I'm trying to transition my work world from one of PHP and possibly the world's ugliest Zend Framework code (which is not necessarily a dig at ZF, but horrific development practices, reactive testing, and 'debug in production') to something a lot more organized and streamlined, with Python and Django (both of which I'm fairly new at, though experienced as a web developer, albeit PHP).<p>I would like to get some input. Try as I may, my mind just doesn't sit well with OS X - I keep trying it, and find my brain likes 'structure and discipline' and feels chaotic with windows at "random" locations all over my desktop. I like the Unix/BSD underbelly, but still. Maybe there are methodologies that can help?<p>I'm really debating whether to go back to Windows, or retry Ubuntu. What holds me back from Ubuntu is the Office suite (I know the arguments), and GoToMeeting (absolutely mandatory at this point - I telecommute, and it's our annointed method of desktop sharing).<p>But what I'm really trying to iron out is a workflow for developing, testing, deployment. I'd like to get something set up with tools like LXC for virtualizing a production environment (currently on a separate machine). I'm not really looking for any comments of the lines of "Why Django?" - you're solving the wrong problem. Instead, offer me insight on how I can streamline a workflow from conception to delivery and beyond.<p>I currently use PyCharm and Sublime Text 2, and am very happy with these, though I'm not averse to hearing compelling arguments (rather than religious wars) on alternatives (as much as I see, and admire the vim-elite, I'm not sure I can make that me).
======
FuzzyDunlop
A relatively common OS X based workflow for Ruby development (which could
equally apply to Python) is mostly terminal based.

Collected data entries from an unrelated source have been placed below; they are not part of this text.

(* Let $\omega>0$ and consider two qubits with $H_{\rm Ant}=\omega\sum_{j=1}^3\sigma^j\otimes\sigma^j$. Let $W_p=(1-p)\frac{\mathbb 1}{4}+p\ket{\psi}\bra{\psi}$ with $p\in[0,1]$ and $\ket\psi$ any of the four Bell states $\frac{1}{\sqrt2}(\ket{00}\pm\ket{11})$, $\frac{1}{\sqrt2}(\ket{01}\pm\ket{10})$. Then $\mathcal C_{\rm P}^1(H_{\rm Ant})=2\omega$, $\max_\rho\mathcal C_{\rm P}(\rho,H_{\rm Ant})=\|H_{\rm Ant}\|_\infty=4\omega$, and $\mathcal C_{\rm P}(W_p,H_{\rm Ant})=4p\omega$. Consequently $\mathcal C_{\rm P}(W_p,H_{\rm Ant})>\mathcal C_{\rm P}^1(H_{\rm Ant})$ if and only if $p>1/2$.
   Context: $\sigma^1,\sigma^2,\sigma^3$ are the Pauli matrices. For a two-qubit density operator $\rho$, the parallel capacity is $\mathcal C_{\rm P}(\rho,H):=\max_{U_a,U_b}\mathrm{tr}[(U_a\otimes U_b)\rho(U_a\otimes U_b)^\dagger H]-\min_{U_a,U_b}\mathrm{tr}[(U_a\otimes U_b)\rho(U_a\otimes U_b)^\dagger H]$ over single-qubit unitaries $U_a,U_b$; $\mathcal C_{\rm P}^1(H):=\max_{\rho\text{ separable}}\mathcal C_{\rm P}(\rho,H)$; $\|H\|_\infty$ is the difference between largest and smallest eigenvalues of $H$. *)

theory Defs
  imports "HOL-Analysis.Analysis" "HOL-Library.Numeral_Type"
begin

text \<open>Single-qubit operators: complex 2x2 matrices indexed by type 2 (basis 0,1).
 Two-qubit operators: complex matrices indexed by 2 \<times> 2, basis vector (a,b) = |ab>.\<close>

type_synonym qop = "complex^2^2"
type_synonym qqop = "complex^(2\<times>2)^(2\<times>2)"
type_synonym qqvec = "complex^(2\<times>2)"

definition sigma1 :: qop where
  "sigma1 = (\<chi> i j. if i \<noteq> j then 1 else 0)"

definition sigma2 :: qop where
  "sigma2 = (\<chi> i j. if i = 0 \<and> j = 1 then - \<i> else if i = 1 \<and> j = 0 then \<i> else 0)"

definition sigma3 :: qop where
  "sigma3 = (\<chi> i j. if i = j then (if i = 0 then 1 else -1) else 0)"

definition kron :: "complex^'a^'a \<Rightarrow> complex^'b^'b \<Rightarrow> complex^('a\<times>'b)^('a\<times>'b)" where
  "kron A B = (\<chi> x y. A$(fst x)$(fst y) * B$(snd x)$(snd y))"

definition adj :: "complex^'n^'n \<Rightarrow> complex^'n^'n" where
  "adj A = (\<chi> i j. cnj (A$j$i))"

definition unitary :: "complex^'n^'n \<Rightarrow> bool" where
  "unitary U \<longleftrightarrow> U ** adj U = mat 1 \<and> adj U ** U = mat 1"

definition tr :: "complex^'n^'n \<Rightarrow> complex" where
  "tr A = (\<Sum>i\<in>UNIV. A$i$i)"

definition density_op :: "complex^'n^'n \<Rightarrow> bool" where
  "density_op \<rho> \<longleftrightarrow> adj \<rho> = \<rho>
     \<and> (\<forall>v. 0 \<le> Re (\<Sum>i\<in>UNIV. cnj (v$i) * (\<rho> *v v)$i))
     \<and> tr \<rho> = 1"

definition separable :: "qqop \<Rightarrow> bool" where
  "separable \<rho> \<longleftrightarrow> (\<exists>(n::nat) (q::nat \<Rightarrow> real) (ra::nat \<Rightarrow> qop) (rb::nat \<Rightarrow> qop).
      (\<forall>k<n. 0 \<le> q k \<and> density_op (ra k) \<and> density_op (rb k))
      \<and> (\<Sum>k<n. q k) = 1
      \<and> \<rho> = (\<Sum>k<n. q k *\<^sub>R kron (ra k) (rb k)))"

text \<open>Energy tr[(Ua \<otimes> Ub) rho (Ua \<otimes> Ub)^dagger H] (real for Hermitian rho, H).\<close>
definition energy :: "qqop \<Rightarrow> qqop \<Rightarrow> qop \<Rightarrow> qop \<Rightarrow> real" where
  "energy \<rho> H Ua Ub = Re (tr (kron Ua Ub ** \<rho> ** adj (kron Ua Ub) ** H))"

Use a full screen terminal and a multiplexer (screen, tmux) or a tiling window
manager (dvtm) to make use of the full screen; emacs or vim as an editor of
choice (ease yourself in if unfamiliar, don't go all-in right off the bat);
and Unix itself as a development tool for everything else. While you may
initially think a plethora of GUI apps is better, your growing experience will
slowly but surely push you away from that.

Within the terminal session you are then exposed to tools other people have
written that help you handle deployment, testing, continuous integration, etc.

If the CLI is too much for you, OSX has a number of apps that help organise
windows (Moom, TylerWM, Divvy), so you can try and keep that under control in
any case.

The terminal is definitely your best friend in OSX or Linux, though, and
understanding that environment, especially moving away from PHP, has few, if
any, disadvantages.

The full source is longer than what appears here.